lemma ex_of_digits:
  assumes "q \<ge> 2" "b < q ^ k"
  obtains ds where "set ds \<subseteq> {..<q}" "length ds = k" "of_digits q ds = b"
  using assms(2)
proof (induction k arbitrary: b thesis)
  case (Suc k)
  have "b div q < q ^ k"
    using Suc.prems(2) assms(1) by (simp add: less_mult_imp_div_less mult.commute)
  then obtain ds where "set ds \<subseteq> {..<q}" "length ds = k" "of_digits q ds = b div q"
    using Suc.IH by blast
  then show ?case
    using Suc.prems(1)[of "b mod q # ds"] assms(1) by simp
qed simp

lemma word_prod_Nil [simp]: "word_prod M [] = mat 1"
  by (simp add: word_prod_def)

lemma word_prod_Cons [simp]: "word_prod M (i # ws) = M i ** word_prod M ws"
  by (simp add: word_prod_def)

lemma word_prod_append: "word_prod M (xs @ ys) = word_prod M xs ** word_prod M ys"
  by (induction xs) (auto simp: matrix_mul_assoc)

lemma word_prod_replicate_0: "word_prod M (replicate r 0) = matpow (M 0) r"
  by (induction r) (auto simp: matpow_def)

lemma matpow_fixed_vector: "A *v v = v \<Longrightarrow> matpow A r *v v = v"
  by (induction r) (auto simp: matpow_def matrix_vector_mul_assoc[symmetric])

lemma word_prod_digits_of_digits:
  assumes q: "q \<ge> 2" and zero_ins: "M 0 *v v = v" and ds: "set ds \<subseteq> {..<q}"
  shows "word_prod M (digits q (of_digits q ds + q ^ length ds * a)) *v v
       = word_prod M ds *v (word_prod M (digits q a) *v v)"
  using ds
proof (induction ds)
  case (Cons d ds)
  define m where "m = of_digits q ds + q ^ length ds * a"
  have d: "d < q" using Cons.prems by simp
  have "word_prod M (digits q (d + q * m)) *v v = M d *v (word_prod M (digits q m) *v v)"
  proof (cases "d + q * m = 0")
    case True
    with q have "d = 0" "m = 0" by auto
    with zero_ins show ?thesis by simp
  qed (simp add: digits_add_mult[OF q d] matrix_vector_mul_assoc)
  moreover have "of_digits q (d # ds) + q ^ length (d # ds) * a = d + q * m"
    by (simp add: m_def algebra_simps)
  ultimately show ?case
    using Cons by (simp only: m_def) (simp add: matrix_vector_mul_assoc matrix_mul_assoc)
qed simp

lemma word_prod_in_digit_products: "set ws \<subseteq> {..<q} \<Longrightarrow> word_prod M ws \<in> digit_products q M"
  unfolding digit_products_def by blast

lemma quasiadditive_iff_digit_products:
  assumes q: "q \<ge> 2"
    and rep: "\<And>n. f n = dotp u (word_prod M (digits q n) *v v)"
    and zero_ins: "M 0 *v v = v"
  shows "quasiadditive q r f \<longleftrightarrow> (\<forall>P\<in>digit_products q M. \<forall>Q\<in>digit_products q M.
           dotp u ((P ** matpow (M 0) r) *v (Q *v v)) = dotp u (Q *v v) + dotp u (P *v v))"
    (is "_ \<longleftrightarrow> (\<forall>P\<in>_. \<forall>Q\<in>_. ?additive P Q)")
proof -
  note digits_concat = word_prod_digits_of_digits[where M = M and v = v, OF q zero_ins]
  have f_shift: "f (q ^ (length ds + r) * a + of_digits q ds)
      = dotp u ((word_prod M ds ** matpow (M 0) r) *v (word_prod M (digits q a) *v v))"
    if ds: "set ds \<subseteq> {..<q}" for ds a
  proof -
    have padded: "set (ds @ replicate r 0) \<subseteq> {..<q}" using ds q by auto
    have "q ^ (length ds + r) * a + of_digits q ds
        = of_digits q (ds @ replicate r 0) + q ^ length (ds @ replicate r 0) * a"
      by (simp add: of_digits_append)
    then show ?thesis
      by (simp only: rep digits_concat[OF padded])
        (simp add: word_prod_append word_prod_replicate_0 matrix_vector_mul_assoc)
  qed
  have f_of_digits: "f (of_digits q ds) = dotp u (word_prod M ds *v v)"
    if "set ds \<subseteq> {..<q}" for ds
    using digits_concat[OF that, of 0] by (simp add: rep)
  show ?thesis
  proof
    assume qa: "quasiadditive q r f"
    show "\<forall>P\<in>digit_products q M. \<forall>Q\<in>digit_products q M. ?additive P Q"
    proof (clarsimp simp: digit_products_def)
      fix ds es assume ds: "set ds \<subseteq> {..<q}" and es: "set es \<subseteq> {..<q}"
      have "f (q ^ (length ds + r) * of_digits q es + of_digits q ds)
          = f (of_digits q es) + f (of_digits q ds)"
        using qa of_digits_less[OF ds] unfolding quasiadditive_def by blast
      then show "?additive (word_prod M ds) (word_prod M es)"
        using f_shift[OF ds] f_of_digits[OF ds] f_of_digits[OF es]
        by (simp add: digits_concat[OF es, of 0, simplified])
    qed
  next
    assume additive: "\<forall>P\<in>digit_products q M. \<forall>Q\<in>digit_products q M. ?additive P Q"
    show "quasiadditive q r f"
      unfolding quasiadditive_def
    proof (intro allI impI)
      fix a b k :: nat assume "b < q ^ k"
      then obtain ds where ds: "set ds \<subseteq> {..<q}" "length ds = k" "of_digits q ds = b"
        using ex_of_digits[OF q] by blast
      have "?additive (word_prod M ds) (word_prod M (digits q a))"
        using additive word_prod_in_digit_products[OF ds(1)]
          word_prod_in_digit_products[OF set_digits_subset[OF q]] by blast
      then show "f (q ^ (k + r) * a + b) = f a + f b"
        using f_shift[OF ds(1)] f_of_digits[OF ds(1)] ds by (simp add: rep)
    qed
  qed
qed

**Your task**
Please write out the material word for word from its first line through the line holding "qed (simp add: digits_add_mult[OF", including both, and no line past it.

**Output of the task**
lemma ex_of_digits:
  assumes "q \<ge> 2" "b < q ^ k"
  obtains ds where "set ds \<subseteq> {..<q}" "length ds = k" "of_digits q ds = b"
  using assms(2)
proof (induction k arbitrary: b thesis)
  case (Suc k)
  have "b div q < q ^ k"
    using Suc.prems(2) assms(1) by (simp add: less_mult_imp_div_less mult.commute)
  then obtain ds where "set ds \<subseteq> {..<q}" "length ds = k" "of_digits q ds = b div q"
    using Suc.IH by blast
  then show ?case
    using Suc.prems(1)[of "b mod q # ds"] assms(1) by simp
qed simp

lemma word_prod_Nil [simp]: "word_prod M [] = mat 1"
  by (simp add: word_prod_def)

lemma word_prod_Cons [simp]: "word_prod M (i # ws) = M i ** word_prod M ws"
  by (simp add: word_prod_def)

lemma word_prod_append: "word_prod M (xs @ ys) = word_prod M xs ** word_prod M ys"
  by (induction xs) (auto simp: matrix_mul_assoc)

lemma word_prod_replicate_0: "word_prod M (replicate r 0) = matpow (M 0) r"
  by (induction r) (auto simp: matpow_def)

lemma matpow_fixed_vector: "A *v v = v \<Longrightarrow> matpow A r *v v = v"
  by (induction r) (auto simp: matpow_def matrix_vector_mul_assoc[symmetric])

lemma word_prod_digits_of_digits:
  assumes q: "q \<ge> 2" and zero_ins: "M 0 *v v = v" and ds: "set ds \<subseteq> {..<q}"
  shows "word_prod M (digits q (of_digits q ds + q ^ length ds * a)) *v v
       = word_prod M ds *v (word_prod M (digits q a) *v v)"
  using ds
proof (induction ds)
  case (Cons d ds)
  define m where "m = of_digits q ds + q ^ length ds * a"
  have d: "d < q" using Cons.prems by simp
  have "word_prod M (digits q (d + q * m)) *v v = M d *v (word_prod M (digits q m) *v v)"
  proof (cases "d + q * m = 0")
    case True
    with q have "d = 0" "m = 0" by auto
    with zero_ins show ?thesis by simp
  qed (simp add: digits_add_mult[OF q d] matrix_vector_mul_assoc)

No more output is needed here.